- Born: 1882
- Died: 1955 (aged 72–73)

Academic background
- Education: Mercer's School, City and Guilds Central Technical College,

= Arthur Allan Gomme =

Gomme, Arthur Allan (1882–1955), librarian and historian of technology

Arthur Allan Gomme (1882-1955) was a British librarian, historian of technology and folklorist.

== Early life and education ==
Arthur Allan Gomme was born in 1882, the third son of Sir (George) Laurence Gomme (1853–1916) and his wife, Alice Bertha Gomme, (1853–1938), both of whom had been pioneering folklorists.

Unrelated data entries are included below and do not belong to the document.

lemma equi_GLP_imp_equi_cliquish:
  assumes B: "Baire_space X" and GLP: "equi_GLP X F"
  shows "equi_cliquish X F"
  unfolding equi_cliquish_def
proof (intro allI impI)
  fix e :: real and U assume e: "e > 0" and U: "openin X U \<and> U \<noteq> {}"
  obtain \<A> where \<A>: "sigma_discrete_in X \<A>" "\<forall>A\<in>\<A>. closedin X A" "\<Union>\<A> = topspace X"
    and small: "\<forall>A\<in>\<A>. \<forall>f\<in>F. ediam (f ` A) \<le> ereal (e/2)"
    using GLP[unfolded equi_GLP_def, rule_format, of "e/2"] e by auto
  obtain \<D> :: "nat \<Rightarrow> 'a set set" where \<D>: "\<And>n. discrete_family_in X (\<D> n)" "\<A> = (\<Union>n. \<D> n)"
    using \<A>(1) unfolding sigma_discrete_in_def by blast
  have cover: "U \<subseteq> (\<Union>n. \<Union>(\<D> n))" using openin_subset[of X U] U \<A>(3) \<D>(2) by blast
  obtain n V0 where V0: "openin X V0" "V0 \<noteq> {}" "V0 \<subseteq> U" "V0 \<subseteq> X closure_of \<Union>(\<D> n)"
    using B U[THEN conjunct1] U[THEN conjunct2] cover by (rule Baire_space_countable_cover)
  have "closedin X (\<Union>(\<D> n))"
    using \<A>(2) \<D> by (intro closedin_Union_discrete_family) auto
  with V0(4) have V0_covered: "V0 \<subseteq> \<Union>(\<D> n)" by (simp add: closure_of_closedin)
  with V0(2) obtain x A where x: "x \<in> V0" "x \<in> A" "A \<in> \<D> n" by blast
  have "x \<in> topspace X" using x(1) openin_subset[OF V0(1)] by blast
  with \<D>(1)[of n] x(3,2) obtain N where N: "openin X N" "x \<in> N" "N \<inter> \<Union>(\<D> n) \<subseteq> A"
    by (rule discrete_family_in_neighbourhood)
  define V where "V = V0 \<inter> N"
  have "V \<subseteq> A" using V0_covered N(3) unfolding V_def by blast
  show "\<exists>V. openin X V \<and> V \<noteq> {} \<and> V \<subseteq> U \<and> (\<forall>f\<in>F. ediam (f ` V) < ereal e)"
  proof (intro exI conjI ballI)
    show "openin X V" using V0(1) N(1) unfolding V_def by (rule openin_Int)
    show "V \<noteq> {}" using x(1) N(2) unfolding V_def by blast
    show "V \<subseteq> U" using V0(3) unfolding V_def by blast
    fix f assume "f \<in> F"
    have "ediam (f ` V) \<le> ediam (f ` A)" using \<open>V \<subseteq> A\<close> by (intro ediam_mono image_mono)
    also have "\<dots> \<le> ereal (e/2)" using small \<D>(2) x(3) \<open>f \<in> F\<close> by blast
    also have "\<dots> < ereal e" using e by simp
    finally show "ediam (f ` V) < ereal e" .
  qed
qed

He was educated at Mercer's School from 1895 to 1900 before training in engineering at the City and Guilds Central Technical College (then the Royal College of Science).  There Gomme gained a first class diploma and the Siemens Memorial medal for Electrical Engineering.

== Career ==
In 1904 Gomme joined the Patent Office as an Examiner. Gomme served with the 2nd battalion, Royal Fusiliers (university and public schools division) during the First World War. In 1919 he rejoined the Patent Office, and was appointed Librarian to the Patent Office in 1920, a role in which he held until his retirement in 1944.  He was awarded the MBE in 1930.

== Interests ==
In 1920 Gomme joined the Newcomen Society, becoming a member of the society's council in 1925. Gomme served for thirty years as a council member was and vice-president in 1953. Gomme contributed papers on the history of patents to Transactions of the Newcomen Society, as well as compiling for the journal, an 'Analytical bibliography of the history of engineering and applied science (written with E. Wyndham Hume, his predecessor at the Patent Office library).

In 1948 Gomme published Patents of Invention: Origin and Growth of the Patent System in Britain and in 1950 co-compiled a catalogue of the designs of the engineer John Smeaton.

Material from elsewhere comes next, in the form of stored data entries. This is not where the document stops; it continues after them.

(* Let $\mathcal{X}$ be a set, $\mathcal{Y}$ a finite set of labels, $n\ge1$, $\mathcal{F}$ a nonempty class of functions $\mathcal{X}\to\mathcal{Y}$, and let $T$ be the training procedure $T(\mathbf{x},\mathbf{y})=\arg\min_{f\in\mathcal{F}}\sum_{i=1}^n\mathbbm{1}_{f(x_i)\ne y_i}$ (any minimizer). Let $\mathcal{D}_{\mathrm{train}}$ be any distribution over $(\mathcal{X}\times\mathcal{Y})^n$ and $\eta>0$. Define $\mathsf{Train}=\Pr[f(x_i)=y_i]$ where $(\mathbf{x},\mathbf{y})\sim\mathcal{D}_{\mathrm{train}}$, $f=T(\mathbf{x},\mathbf{y})$ and $i$ is uniform on $\{1,\ldots,n\}$; and $\mathsf{Train}(\eta)=\Pr[\tilde f(x_i)=y_i]$ where $(\mathbf{x},\mathbf{y})\sim\mathcal{D}_{\mathrm{train}}$, each $\tilde y_i$ independently equals $y_i$ with probability $1-\eta$ and is uniform on $\mathcal{Y}$ otherwise, $\tilde f=T(\mathbf{x},\tilde{\mathbf{y}})$, and $i$ is uniform on $\{1,\ldots,n\}$. Then the robustness gap satisfies $$\big(\mathsf{Train}-\mathsf{Train}(\eta)\big)_+\le 2\eta.$$
   Context: $x_+=\max(x,0)$. Accuracies are measured with respect to the original (uncorrupted) labels $y_i$. *)

theory Defs
  imports "HOL-Probability.Probability"
begin

text \<open>A training set of size n is a list S of length n of pairs (x_i, y_i).
  Indices are 0-based: i ranges over {0..<n}.\<close>

definition train_err :: "('x \<Rightarrow> 'y) \<Rightarrow> ('x \<times> 'y) list \<Rightarrow> nat" where
  "train_err f S = card {i. i < length S \<and> f (fst (S ! i)) \<noteq> snd (S ! i)}"

definition is_erm :: "('x \<Rightarrow> 'y) set \<Rightarrow> nat \<Rightarrow> (('x \<times> 'y) list \<Rightarrow> ('x \<Rightarrow> 'y)) \<Rightarrow> bool" where
  "is_erm F n T \<longleftrightarrow> (\<forall>S. length S = n \<longrightarrow>
      T S \<in> F \<and> (\<forall>f\<in>F. train_err (T S) S \<le> train_err f S))"

definition emp_acc :: "nat \<Rightarrow> ('x \<Rightarrow> 'y) \<Rightarrow> ('x \<times> 'y) list \<Rightarrow> real" where
  "emp_acc n f S = (1 / real n) * (\<Sum>i<n. if f (fst (S ! i)) = snd (S ! i) then 1 else 0)"

text \<open>Probability of the noisy label vector ys' given clean labels ys: independently per
  coordinate, keep the label with prob. 1-eta, else resample uniformly on the label type.\<close>
definition noise_prob :: "nat \<Rightarrow> real \<Rightarrow> ('y::finite) list \<Rightarrow> 'y list \<Rightarrow> real" where
  "noise_prob n \<eta> ys ys' =
     (\<Prod>i<n. (if ys' ! i = ys ! i then 1 - \<eta> else 0) + \<eta> / real (CARD('y)))"

text \<open>Conditional (given the clean sample S) accuracy for Train and Train(eta).\<close>
definition clean_acc :: "nat \<Rightarrow> (('x \<times> 'y) list \<Rightarrow> ('x \<Rightarrow> 'y)) \<Rightarrow> ('x \<times> 'y) list \<Rightarrow> real" where
  "clean_acc n T S = emp_acc n (T S) S"

definition noisy_acc :: "nat \<Rightarrow> real \<Rightarrow> (('x \<times> ('y::finite)) list \<Rightarrow> ('x \<Rightarrow> 'y)) \<Rightarrow> ('x \<times> 'y) list \<Rightarrow> real" where
  "noisy_acc n \<eta> T S =
     (\<Sum>ys' \<in> {ys'. length ys' = n}. noise_prob n \<eta> (map snd S) ys' *
         emp_acc n (T (zip (map fst S) ys')) S)"

definition Train :: "('x \<times> 'y) list measure \<Rightarrow> nat \<Rightarrow> (('x \<times> 'y) list \<Rightarrow> ('x \<Rightarrow> 'y)) \<Rightarrow> real" where
  "Train D n T = (\<integral>S. clean_acc n T S \<partial>D)"

definition Train_noisy :: "('x \<times> ('y::finite)) list measure \<Rightarrow> nat \<Rightarrow> real \<Rightarrow> (('x \<times> 'y) list \<Rightarrow> ('x \<Rightarrow> 'y)) \<Rightarrow> real" where
  "Train_noisy D n \<eta> T = (\<integral>S. noisy_acc n \<eta> T S \<partial>D)"

end

theory Submission
  imports Defs
begin

text \<open>Let f be the ERM on the clean labels y and g the ERM on the noisy labels y'. If y and y'
  differ in d positions, then every classifier's agreement count changes by at most d between
  y and y'. As g agrees with y' at least as often as f does, g agrees with y at least
  (agreements of f with y) - 2d times. Averaged over the noise, d has mean
  n \<eta> (1 - 1/|Y|) \<le> n \<eta>, so the accuracy drops by at most 2 \<eta> for every clean sample, and hence
  in expectation.\<close>

definition label_noise :: "real \<Rightarrow> 'y::finite \<Rightarrow> 'y \<Rightarrow> real" where
  "label_noise \<eta> y y' = (if y' = y then 1 - \<eta> else 0) + \<eta> / real CARD('y)"

definition hamming_dist :: "nat \<Rightarrow> 'y list \<Rightarrow> 'y list \<Rightarrow> real" where
  "hamming_dist n ys ys' = (\<Sum>i<n. if ys ! i = ys' ! i then 0 else 1)"

definition agreements :: "nat \<Rightarrow> ('x \<Rightarrow> 'y) \<Rightarrow> 'x list \<Rightarrow> 'y list \<Rightarrow> real" where
  "agreements n f xs ys = (\<Sum>i<n. if f (xs ! i) = ys ! i then 1 else 0)"

lemma label_noise_nonneg: "0 \<le> \<eta> \<Longrightarrow> \<eta> \<le> 1 \<Longrightarrow> 0 \<le> label_noise \<eta> y y'"
  by (simp add: label_noise_def)

lemma sum_label_noise: "(\<Sum>y'\<in>UNIV. label_noise \<eta> (y::'y::finite) y') = 1"
  by (simp add: label_noise_def sum.distrib)

lemma label_noise_flip_prob:
  "(\<Sum>y'\<in>UNIV. label_noise \<eta> (y::'y::finite) y' * (if y = y' then 0 else 1))
     = \<eta> * (1 - 1 / real CARD('y))"
proof -
  have "(\<Sum>y'\<in>UNIV. label_noise \<eta> y y' * (if y = y' then 0 else 1))
      = (\<Sum>y'\<in>UNIV. label_noise \<eta> y y' - (if y' = y then label_noise \<eta> y y' else 0))"
    by (rule sum.cong) auto
  also have "\<dots> = 1 - label_noise \<eta> y y"
    by (simp add: sum_subtractf sum_label_noise)
  finally show ?thesis
    by (simp add: label_noise_def algebra_simps)
qed

lemma sum_lists_length_Suc:
  "(\<Sum>ys\<in>{ys::'y::finite list. length ys = Suc n}. g ys)
     = (\<Sum>y\<in>UNIV. \<Sum>ys\<in>{ys. length ys = n}. g (y # ys))"
proof -
  have "{ys::'y list. length ys = Suc n} = (\<lambda>(y, ys). y # ys) ` (UNIV \<times> {ys. length ys = n})"
    by (auto simp: length_Suc_conv)
  moreover have "inj_on (\<lambda>(y, ys). y # (ys::'y list)) (UNIV \<times> {ys. length ys = n})"
    by (auto simp: inj_on_def)
  ultimately show ?thesis
    by (simp add: sum.reindex sum.cartesian_product split_def)
qed

lemma noise_prob_Cons:
  "noise_prob (Suc n) \<eta> (y # ys) (y' # ys') = label_noise \<eta> y y' * noise_prob n \<eta> ys ys'"
  unfolding noise_prob_def label_noise_def prod.lessThan_Suc_shift by simp

lemma hamming_dist_Cons:
  "hamming_dist (Suc n) (y # ys) (y' # ys') = (if y = y' then 0 else 1) + hamming_dist n ys ys'"
  unfolding hamming_dist_def sum.lessThan_Suc_shift by simp

lemma noise_prob_nonneg: "0 \<le> \<eta> \<Longrightarrow> \<eta> \<le> 1 \<Longrightarrow> 0 \<le> noise_prob n \<eta> ys ys'"
  unfolding noise_prob_def by (intro prod_nonneg) auto

lemma sum_noise_prob:
  "length ys = n \<Longrightarrow> (\<Sum>ys'\<in>{ys'::'y::finite list. length ys' = n}. noise_prob n \<eta> ys ys') = 1"
proof (induction n arbitrary: ys)
  case 0
  then show ?case by (simp add: noise_prob_def)
next
  case (Suc n)
  then obtain y ys0 where ys: "ys = y # ys0" "length ys0 = n"
    by (cases ys) auto
  then show ?case
    using Suc.IH[OF ys(2)]
    by (simp add: sum_lists_length_Suc noise_prob_Cons sum_distrib_left[symmetric]
        sum_distrib_right[symmetric] sum_label_noise)
qed

lemma expected_hamming_dist:
  "length ys = n \<Longrightarrow>
   (\<Sum>ys'\<in>{ys'::'y::finite list. length ys' = n}. noise_prob n \<eta> ys ys' * hamming_dist n ys ys')
     = real n * \<eta> * (1 - 1 / real CARD('y))"
proof (induction n arbitrary: ys)
  case 0
  then show ?case by (simp add: hamming_dist_def)
next
  case (Suc n)
  then obtain y ys0 where ys: "ys = y # ys0" "length ys0 = n"
    by (cases ys) auto
  let ?L = "{ys'::'y list. length ys' = n}"
  let ?flip = "\<lambda>y'. if y = y' then 0 else 1 :: real"
  have "(\<Sum>ys'\<in>{ys'. length ys' = Suc n}. noise_prob (Suc n) \<eta> ys ys' * hamming_dist (Suc n) ys ys')
      = (\<Sum>y'\<in>UNIV. label_noise \<eta> y y' * ?flip y' * (\<Sum>ys'\<in>?L. noise_prob n \<eta> ys0 ys')
          + label_noise \<eta> y y' * (\<Sum>ys'\<in>?L. noise_prob n \<eta> ys0 ys' * hamming_dist n ys0 ys'))"
    by (simp add: ys sum_lists_length_Suc noise_prob_Cons hamming_dist_Cons sum.distrib
        sum_distrib_left algebra_simps)
  also have "\<dots> = (\<Sum>y'\<in>UNIV. label_noise \<eta> y y' * ?flip y')
      + (\<Sum>y'\<in>UNIV. label_noise \<eta> y y') * (real n * \<eta> * (1 - 1 / real CARD('y)))"
    by (simp add: sum_noise_prob[OF ys(2)] Suc.IH[OF ys(2)] sum.distrib sum_distrib_right)
  also have "\<dots> = real (Suc n) * \<eta> * (1 - 1 / real CARD('y))"
    by (simp add: label_noise_flip_prob sum_label_noise algebra_simps)
  finally show ?case .
qed

lemma emp_acc_agreements:
  "length S = n \<Longrightarrow> emp_acc n f S = agreements n f (map fst S) (map snd S) / real n"
  unfolding emp_acc_def agreements_def by (simp add: sum_divide_distrib)

lemma train_err_zip:
  assumes "length xs = n" "length ys = n"
  shows "real (train_err f (zip xs ys)) = real n - agreements n f xs ys"
proof -
  have "train_err f (zip xs ys) = card {i\<in>{..<n}. f (xs ! i) \<noteq> ys ! i}"
    unfolding train_err_def using assms by (intro arg_cong[where f = card]) auto
  also have "\<dots> = (\<Sum>i<n. if f (xs ! i) \<noteq> ys ! i then 1 else 0)"
    by (simp add: sum.inter_filter[symmetric])
  finally have "real (train_err f (zip xs ys)) = (\<Sum>i<n. if f (xs ! i) \<noteq> ys ! i then 1 else 0)"
    by (simp add: if_distrib cong: if_cong)
  also have "\<dots> = (\<Sum>i<n. 1 - (if f (xs ! i) = ys ! i then 1 else 0))"
    by (rule sum.cong) auto
  finally show ?thesis
    by (simp add: sum_subtractf agreements_def)
qed

lemma agreements_change_labels:
  "\<bar>agreements n f xs ys - agreements n f xs ys'\<bar> \<le> hamming_dist n ys ys'"
proof -
  have "\<bar>agreements n f xs ys - agreements n f xs ys'\<bar>
      \<le> (\<Sum>i<n. \<bar>(if f (xs ! i) = ys ! i then 1 else 0) - (if f (xs ! i) = ys' ! i then 1 else 0)\<bar>)"
    unfolding agreements_def sum_subtractf[symmetric] by (rule sum_abs)
  also have "\<dots> \<le> hamming_dist n ys ys'"
    unfolding hamming_dist_def by (rule sum_mono) auto
  finally show ?thesis .
qed

lemma erm_maximises_agreements:
  assumes "is_erm F n T" "length xs = n" "length ys = n" "f \<in> F"
  shows "agreements n f xs ys \<le> agreements n (T (zip xs ys)) xs ys"
proof -
  have "train_err (T (zip xs ys)) (zip xs ys) \<le> train_err f (zip xs ys)"
    using assms by (simp add: is_erm_def)
  then show ?thesis
    using train_err_zip[OF assms(2,3), of f] train_err_zip[OF assms(2,3), of "T (zip xs ys)"]
    by (simp add: of_nat_le_iff[symmetric])
qed

lemma erm_noisy_labels_agreements:
  assumes "is_erm F n T" "length xs = n" "length ys' = n" "f \<in> F"
  shows "agreements n f xs ys - 2 * hamming_dist n ys ys'
           \<le> agreements n (T (zip xs ys')) xs ys"
  using erm_maximises_agreements[OF assms]
    agreements_change_labels[of n f xs ys ys']
    agreements_change_labels[of n "T (zip xs ys')" xs ys ys']
  by linarith

lemma clean_acc_le_noisy_acc:
  fixes T :: "('x \<times> 'y::finite) list \<Rightarrow> 'x \<Rightarrow> 'y"
  assumes erm: "is_erm F n T" and len: "length S = n" and "0 \<le> \<eta>" "\<eta> \<le> 1"
  shows "clean_acc n T S \<le> noisy_acc n \<eta> T S + 2 * \<eta>"
proof (cases "n = 0")
  case True
  then show ?thesis
    using assms by (simp add: clean_acc_def noisy_acc_def emp_acc_def)
next
  case False
  define xs where "xs = map fst S"
  define ys where "ys = map snd S"
  let ?L = "{ys'::'y list. length ys' = n}"
  let ?p = "noise_prob n \<eta> ys"
  have lens: "length xs = n" "length ys = n"
    using len by (auto simp: xs_def ys_def)
  have "T S \<in> F"
    using erm len by (simp add: is_erm_def)
  have drop: "clean_acc n T S - 2 * hamming_dist n ys ys' / real n
      \<le> emp_acc n (T (zip xs ys')) S" if "length ys' = n" for ys'
  proof -
    have "(agreements n (T S) xs ys - 2 * hamming_dist n ys ys') / real n
        \<le> agreements n (T (zip xs ys')) xs ys / real n"
      using erm_noisy_labels_agreements[OF erm lens(1) that \<open>T S \<in> F\<close>]
      by (rule divide_right_mono) simp
    then show ?thesis
      by (simp add: clean_acc_def emp_acc_agreements[OF len] diff_divide_distrib
          flip: xs_def ys_def)
  qed
  have "clean_acc n T S - 2 * \<eta>
      \<le> clean_acc n T S - 2 / real n * (real n * \<eta> * (1 - 1 / real CARD('y)))"
    using False \<open>0 \<le> \<eta>\<close> by (simp add: field_simps)
  also have "\<dots> = clean_acc n T S * (\<Sum>ys'\<in>?L. ?p ys')
      - 2 / real n * (\<Sum>ys'\<in>?L. ?p ys' * hamming_dist n ys ys')"
    by (simp add: expected_hamming_dist[OF lens(2)] sum_noise_prob[OF lens(2)])
  also have "\<dots> = (\<Sum>ys'\<in>?L. ?p ys' * (clean_acc n T S - 2 * hamming_dist n ys ys' / real n))"
    by (simp add: sum_subtractf sum_distrib_left sum_distrib_right algebra_simps)
  also have "\<dots> \<le> (\<Sum>ys'\<in>?L. ?p ys' * emp_acc n (T (zip xs ys')) S)"
    using assms by (intro sum_mono mult_left_mono drop noise_prob_nonneg) auto
  also have "\<dots> = noisy_acc n \<eta> T S"
    by (simp add: noisy_acc_def xs_def ys_def)
  finally show ?thesis by simp
qed

lemma emp_acc_bounds: "0 \<le> emp_acc n f S" "emp_acc n f S \<le> 1"
proof -
  have "(\<Sum>i<n. if f (fst (S ! i)) = snd (S ! i) then 1 else 0) \<le> (\<Sum>i<n. 1::real)"
    by (intro sum_mono) auto
  then show "emp_acc n f S \<le> 1"
    by (cases "n = 0") (simp_all add: emp_acc_def)
  show "0 \<le> emp_acc n f S"
    unfolding emp_acc_def by (intro mult_nonneg_nonneg sum_nonneg) auto
qed

lemma noisy_acc_bounds:
  assumes "length S = n" "0 \<le> \<eta>" "\<eta> \<le> 1"
  shows "0 \<le> noisy_acc n \<eta> T S" "noisy_acc n \<eta> T S \<le> 1"
proof -
  show "0 \<le> noisy_acc n \<eta> T S"
    unfolding noisy_acc_def
    using assms by (intro sum_nonneg mult_nonneg_nonneg noise_prob_nonneg emp_acc_bounds)
  have "noisy_acc n \<eta> T S
      \<le> (\<Sum>ys'\<in>{ys'. length ys' = n}. noise_prob n \<eta> (map snd S) ys' * 1)"
    unfolding noisy_acc_def
    using assms by (intro sum_mono mult_left_mono noise_prob_nonneg emp_acc_bounds)
  then show "noisy_acc n \<eta> T S \<le> 1"
    using assms(1) by (simp add: sum_noise_prob)
qed

theorem lemmaD2:
  fixes F :: "('x \<Rightarrow> 'y::finite) set"
    and T :: "('x \<times> 'y) list \<Rightarrow> ('x \<Rightarrow> 'y)"
    and D :: "('x \<times> 'y) list measure"
    and n :: nat and \<eta> :: real
  assumes "n \<ge> 1"
    and "F \<noteq> {}"
    and "is_erm F n T"
    and "prob_space D"
    and "\<forall>S\<in>space D. length S = n"
    and "clean_acc n T \<in> borel_measurable D"
    and "noisy_acc n \<eta> T \<in> borel_measurable D"
    and "\<eta> > 0" and "\<eta> \<le> 1"
  shows "max (Train D n T - Train_noisy D n \<eta> T) 0 \<le> 2 * \<eta>"
proof -
  interpret prob_space D by fact
  have "\<bar>clean_acc n T S\<bar> \<le> 1" for S
    using emp_acc_bounds[of n "T S" S] by (simp add: clean_acc_def)
  then have clean: "integrable D (clean_acc n T)"
    by (intro integrable_const_bound[where B = 1] AE_I2 assms(6)) simp
  have "\<bar>noisy_acc n \<eta> T S\<bar> \<le> 1" if "S \<in> space D" for S
    using noisy_acc_bounds[of S n \<eta> T] assms(5,8,9) that by simp
  then have noisy: "integrable D (noisy_acc n \<eta> T)"
    by (intro integrable_const_bound[where B = 1] AE_I2 assms(7)) simp
  have "Train D n T \<le> (\<integral>S. noisy_acc n \<eta> T S + 2 * \<eta> \<partial>D)"
    unfolding Train_def using assms(5,8,9)
    by (intro integral_mono clean Bochner_Integration.integrable_add noisy integrable_const
        clean_acc_le_noisy_acc[OF assms(3)]) auto
  also have "\<dots> = Train_noisy D n \<eta> T + 2 * \<eta>"
    using noisy by (simp add: Train_noisy_def prob_space)
  finally show ?thesis
    using assms(8) by simp
qed

end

Like his parents, Gomme was active in the field of folklore, served on the council of the Folklore Society from 1911 until his death, and acting as president between 1952 and 1953. As with his mother, Lady Gomme, Allan Gomme was active in Florence White's English Folk Cookery Association, serving from 1928 to 1935 as Chairman of its Advisory Council. In Good Things in England, White recommended that those who might have cookery books and manuscripts in need of a home allow Allan Gomme to acquire them for the Patent Office Library as it "has already the nucleus of a very fine collection of Old English Cookery Books."

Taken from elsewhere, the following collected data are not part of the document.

(* Let $\mathbf{A}\in\mathbb{C}^{n\times n}$, let $\mathbf{b}\in\mathbb{C}^n$ be nonzero, and let $k\geq 1$ be such that the Arnoldi algorithm applied to $(\mathbf{A},\mathbf{b})$ does not break down before step $k$, i.e. $\dim\mathcal{K}_{k+1}(\mathbf{A},\mathbf{b})=k+1$. Then \[ \min_{0\leq j\leq k}\|\mathbf{r}_j^{\mathrm{F}}\|_2 \;\leq\; \sqrt{k+1}\,\cdot\,\|\mathbf{r}_k^{\mathrm{G}}\|_2 . \]
   Context: The Krylov subspace is $\mathcal{K}_k(\mathbf{A},\mathbf{b})=\operatorname{span}\{\mathbf{b},\mathbf{A}\mathbf{b},\dots,\mathbf{A}^{k-1}\mathbf{b}\}$. The Arnoldi algorithm produces an orthonormal basis $\mathbf{Q}_k=[\mathbf{q}_1,\dots,\mathbf{q}_k]$ of $\mathcal{K}_k(\mathbf{A},\mathbf{b})$ with $\mathbf{q}_1=\mathbf{b}/\|\mathbf{b}\|_2$, and a $(k+1)\times k$ upper Hessenberg matrix $\mathbf{H}_{k+1,k}$ (entries $h_{i,j}$, with $h_{j+1,j}>0$) satisfying $\mathbf{A}\mathbf{Q}_k=\mathbf{Q}_{k+1}\mathbf{H}_{k+1,k}$; $\mathbf{H}_k$ denotes $\mathbf{H}_{k+1,k}$ with its last row deleted. With $\mathbf{e}_1=[1,0,\dots,0]^{\mathsf T}$, the FOM and GMRES iterates (zero initial guess, $\mathbf{x}_0^{\mathrm F}=\mathbf{x}_0^{\mathrm G}=\mathbf{0}$) are, for $j\ge1$, $\mathbf{x}_j^{\mathrm F}=\|\mathbf{b}\|_2\mathbf{Q}_j\mathbf{H}_j^{-1}\mathbf{e}_1$ and $\mathbf{x}_j^{\mathrm G}=\|\mathbf{b}\|_2\mathbf{Q}_j\mathbf{H}_{j+1,j}^{\dagger}\mathbf{e}_1$ ($\dagger$ = pseudoinverse); equivalently $\mathbf{x}_j^{\mathrm G}$ minimizes $\|\mathbf{b}-\mathbf{A}\mathbf{x}\|_2$ over $\mathbf{x}\in\mathcal{K}_j(\mathbf{A},\mathbf{b})$. Residuals: $\mathbf{r}_j^{\mathrm F}=\mathbf{b}-\mathbf{A}\mathbf{x}_j^{\mathrm F}$, $\mathbf{r}_j^{\mathrm G}=\mathbf{b}-\mathbf{A}\mathbf{x}_j^{\mathrm G}$ (so $\mathbf{r}_0^{\mathrm F}=\mathbf{r}_0^{\mathrm G}=\mathbf{b}$). Convention: if $\mathbf{H}_j$ is singular, the FOM iterate is undefined and $\|\mathbf{r}_j^{\mathrm F}\|_2$ is defined to be $+\infty$. *)

theory Defs
  imports "HOL-Analysis.Analysis" "HOL-Library.Extended_Real"
begin

text \<open>Indices are 0-based: q_0..q_k are the Arnoldi vectors (paper's q_1..q_{k+1}),
  H r c is the paper's h_{r+1,c+1}.\<close>

definition cinner :: "complex^'n \<Rightarrow> complex^'n \<Rightarrow> complex" where
  "cinner x y = (\<Sum>i\<in>UNIV. x $ i * cnj (y $ i))"

definition kvec :: "complex^'n^'n \<Rightarrow> complex^'n \<Rightarrow> nat \<Rightarrow> complex^'n" where
  "kvec A b i = ((\<lambda>x. A *v x) ^^ i) b"

definition krylov :: "complex^'n^'n \<Rightarrow> complex^'n \<Rightarrow> nat \<Rightarrow> (complex^'n) set" where
  "krylov A b m = {x. \<exists>c::nat \<Rightarrow> complex. x = (\<Sum>i<m. c i *s kvec A b i)}"

definition krylov_full_dim :: "complex^'n^'n \<Rightarrow> complex^'n \<Rightarrow> nat \<Rightarrow> bool" where
  "krylov_full_dim A b m \<longleftrightarrow>
     (\<forall>c::nat \<Rightarrow> complex. (\<Sum>i<m. c i *s kvec A b i) = 0 \<longrightarrow> (\<forall>i<m. c i = 0))"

Gomme was closely involved in the history of the theatre: he was a member of the British Drama League, the Elizabethan Stage Society and a founder member of the Society for Theatre Research.

== Selected publications ==

- Gomme, Arthur Allan; British Council (1948). Patents of invention: origin and growth of the patent system in Britain. London: Longmans, Green & Co. for British Council and National Book League. OCLC 786350743.
- Newcomen Society (Great Britain); Dickinson, H. W; Gomme, Arthur Allan; Farey, John; Royal Society (Great Britain); Library (1950). A catalogue of the civil and mechanical engineering designs, 1741-1792. London: Printed by the Courier Press. OCLC 28477297.
- Gomme, Allan (1952). "The Folk-Lore Society: Whence and Whither". Folklore. 63 (1): 1–18. doi:10.1080/0015587X.1952.9718086. ISSN 0015-587X.
- Gomme, Allan (1953-06-01). "The Collection of English Folklore : Ways and Means". Folklore. 64 (2): 321–333. doi:10.1080/0015587X.1953.9717356. ISSN 0015-587X.